Slippage is a situation where a trade is opened or closed at a price worse than you planned.
Moreover, this applies to all markets: crypto, stocks, forex. And not only entries, but also stop-losses and take-profits.
In short - the market is not obligated to fulfill your wishes.
It executes liquidity.
Let’s figure out why slippage happens and how to minimize it ⬇️
❔Why does slippage occur
Sudden price movements. Most often at the beginning of a reversal or on a momentum move. The price moves fast, and the order is filled where you managed to get it.
Low liquidity. Especially for altcoins at night and in low-liquidity instruments.
News releases and session openings. At the moment news comes out or when America and Europe open, the market moves so abruptly that neither the take-profit nor the stop-loss gets triggered.
Gaps after the weekend. You left a trade for the weekend—on Monday you got a surprise.
❔How to reduce the impact of slippage
Technical foundation. Stable internet, closed unnecessary programs, and normal terminal speed.
Terminal settings. If possible, specify the allowable slippage. But it’s important to understand that there is no complete protection.
Execution type.

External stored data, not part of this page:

(* Consider the Markov chain $X^N$ described in the context and let $t_c=1/\lambda$. For any $0<\delta<1$, with probability at least $1-e^{-\frac{\mu p_1}{K e}\frac{\delta^2}{2}N}$ it holds that \[ X^N_1(t_c)\ \ge\ (1-\delta)\frac{\mu p_1}{K e}N . \]
   Context: Learning dynamics: there are $K\ge 2$ arms; each pull of arm $k\in\{1,\dots,K\}$ yields an independent Bernoulli$(p_k)$ reward, where $1\ge p_1>p_2\ge\cdots\ge p_K\ge 0$; a "null arm" $0$ always yields reward $0$. There are $N$ individuals, each with an independent Poisson clock of rate $\lambda>0$ and a memory $M\in\{0,1,\dots,K\}$, initially $M=0$. Fix $\mu\in(0,1]$. When an individual's clock ticks, it selects $c\in\{0,\dots,K\}$: if its $M=0$, with probability $\mu$ it sets $c$ uniformly at random in $\{1,\dots,K\}$, and with probability $1-\mu$ it picks a peer uniformly at random among all $N$ individuals (including itself) and sets $c$ to that peer's memory; if $M\neq 0$, it always sets $c$ to the memory of a uniformly random peer (including itself). It pulls arm $c$, and if the reward is $1$ sets $M\leftarrow c$. $X^N_k(t)$ denotes the number of individuals with memory $k$ at time $t$; $e$ is Euler's number. *)

theory Defs
  imports "HOL-Probability.Probability"
begin

text \<open>Configuration: memory of individual i (for i < N) is m i; arms 1..K, null arm 0.\<close>
type_synonym config = "nat \<Rightarrow> nat"

definition choice_pmf :: "nat \<Rightarrow> nat \<Rightarrow> real \<Rightarrow> config \<Rightarrow> nat \<Rightarrow> nat pmf" where
  "choice_pmf N K \<mu> m i =
     (let peer = map_pmf m (pmf_of_set {..<N}) in
      if m i = 0 then
        bind_pmf (bernoulli_pmf \<mu>) (\<lambda>b. if b then pmf_of_set {1..K} else peer)
      else peer)"
lemma sampled_matrix_weights:
  assumes "0 < T"
    and sampling: "int_exp \<xi> T * (LzG ^ n * L_zstar * Lzf + Lzf * L_zstar * L_reduced / \<zeta>)
      < 1 - LzG ^ n"
  defines "p \<equiv> int_exp \<xi> T" and "q \<equiv> int_exp (- \<zeta>) T"
    and "R \<equiv> 1 + L_zstar * int_exp \<xi> T * Lzf"
  obtains w1 w2 l where "0 < w1" "0 < w2" "0 < l" "l < 1"
    "w1 * (exp (- \<zeta> * T) + Lzf * q * L_zstar * p * L_reduced)
       + w2 * (LzG ^ n * L_zstar * p * L_reduced) \<le> l * w1"
    "w1 * (Lzf * q * R) + w2 * (LzG ^ n * R) \<le> l * w2"
proof -
  define m11 m12 m21 m22 where "m11 = exp (- \<zeta> * T) + Lzf * q * L_zstar * p * L_reduced"
    and "m12 = Lzf * q * R" and "m21 = LzG ^ n * L_zstar * p * L_reduced" and "m22 = LzG ^ n * R"
  have "0 \<le> p" using \<open>0 < T\<close> int_exp_nonneg by (simp add: p_def)
  have exp_q: "exp (- \<zeta> * T) = 1 - \<zeta> * q" using mult_int_exp[of "- \<zeta>" T] by (simp add: q_def)
  moreover have "exp (- \<zeta> * T) < 1" using \<open>0 < T\<close> zeta_pos by simp
  ultimately have "0 < q" using zeta_pos by (simp add: zero_less_mult_iff)
  have "0 \<le> R" using \<open>0 \<le> p\<close> L_zstar_nonneg Lzf_nonneg by (simp add: R_def p_def)
  have "0 \<le> p * (Lzf * L_zstar * L_reduced / \<zeta>)"
    using \<open>0 \<le> p\<close> Lzf_nonneg L_zstar_nonneg L_reduced_nonneg zeta_pos by simp
  then have "m22 < 1" using sampling by (simp add: m22_def R_def p_def algebra_simps)
  have "(1 - m11) * (1 - m22) - m12 * m21 =
      q * \<zeta> * (1 - LzG ^ n - p * (LzG ^ n * L_zstar * Lzf + Lzf * L_zstar * L_reduced / \<zeta>))"
  proof -
    have m11: "m11 = 1 - \<zeta> * q + Lzf * q * L_zstar * p * L_reduced" unfolding m11_def exp_q by simp
    show ?thesis
      unfolding m11 using zeta_pos by (simp add: m12_def m21_def m22_def R_def p_def field_simps)
  qed
  moreover have
    "0 < q * \<zeta> * (1 - LzG ^ n - p * (LzG ^ n * L_zstar * Lzf + Lzf * L_zstar * L_reduced / \<zeta>))"
    using sampling \<open>0 < q\<close> zeta_pos by (simp add: p_def)
  ultimately have "m12 * m21 < (1 - m11) * (1 - m22)" by linarith
  moreover have "0 \<le> m12" "0 \<le> m21" "0 \<le> m22"
    using \<open>0 \<le> p\<close> \<open>0 < q\<close> \<open>0 \<le> R\<close> Lzf_nonneg L_zstar_nonneg L_reduced_nonneg LzG_nonneg
    by (simp_all add: m12_def m21_def m22_def)
  ultimately show ?thesis
    using nonneg_matrix_weighted_contraction \<open>m22 < 1\<close> that
    unfolding m11_def m12_def m21_def m22_def by blast
qed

ECN reduces the impact of intermediaries. Instant Execution gives a strict price, but requotes are possible.
Avoid trading around news. News is chaos. The price may pass a level without a single trade.
Control of positions before the end-of-week/trading day. If you’re a trader, not an investor, it’s better to lock in the result than to catch a gap in
Monday.
Increase the timeframe. Less noise means less slippage. Intraday instead of scalping solves half the problems.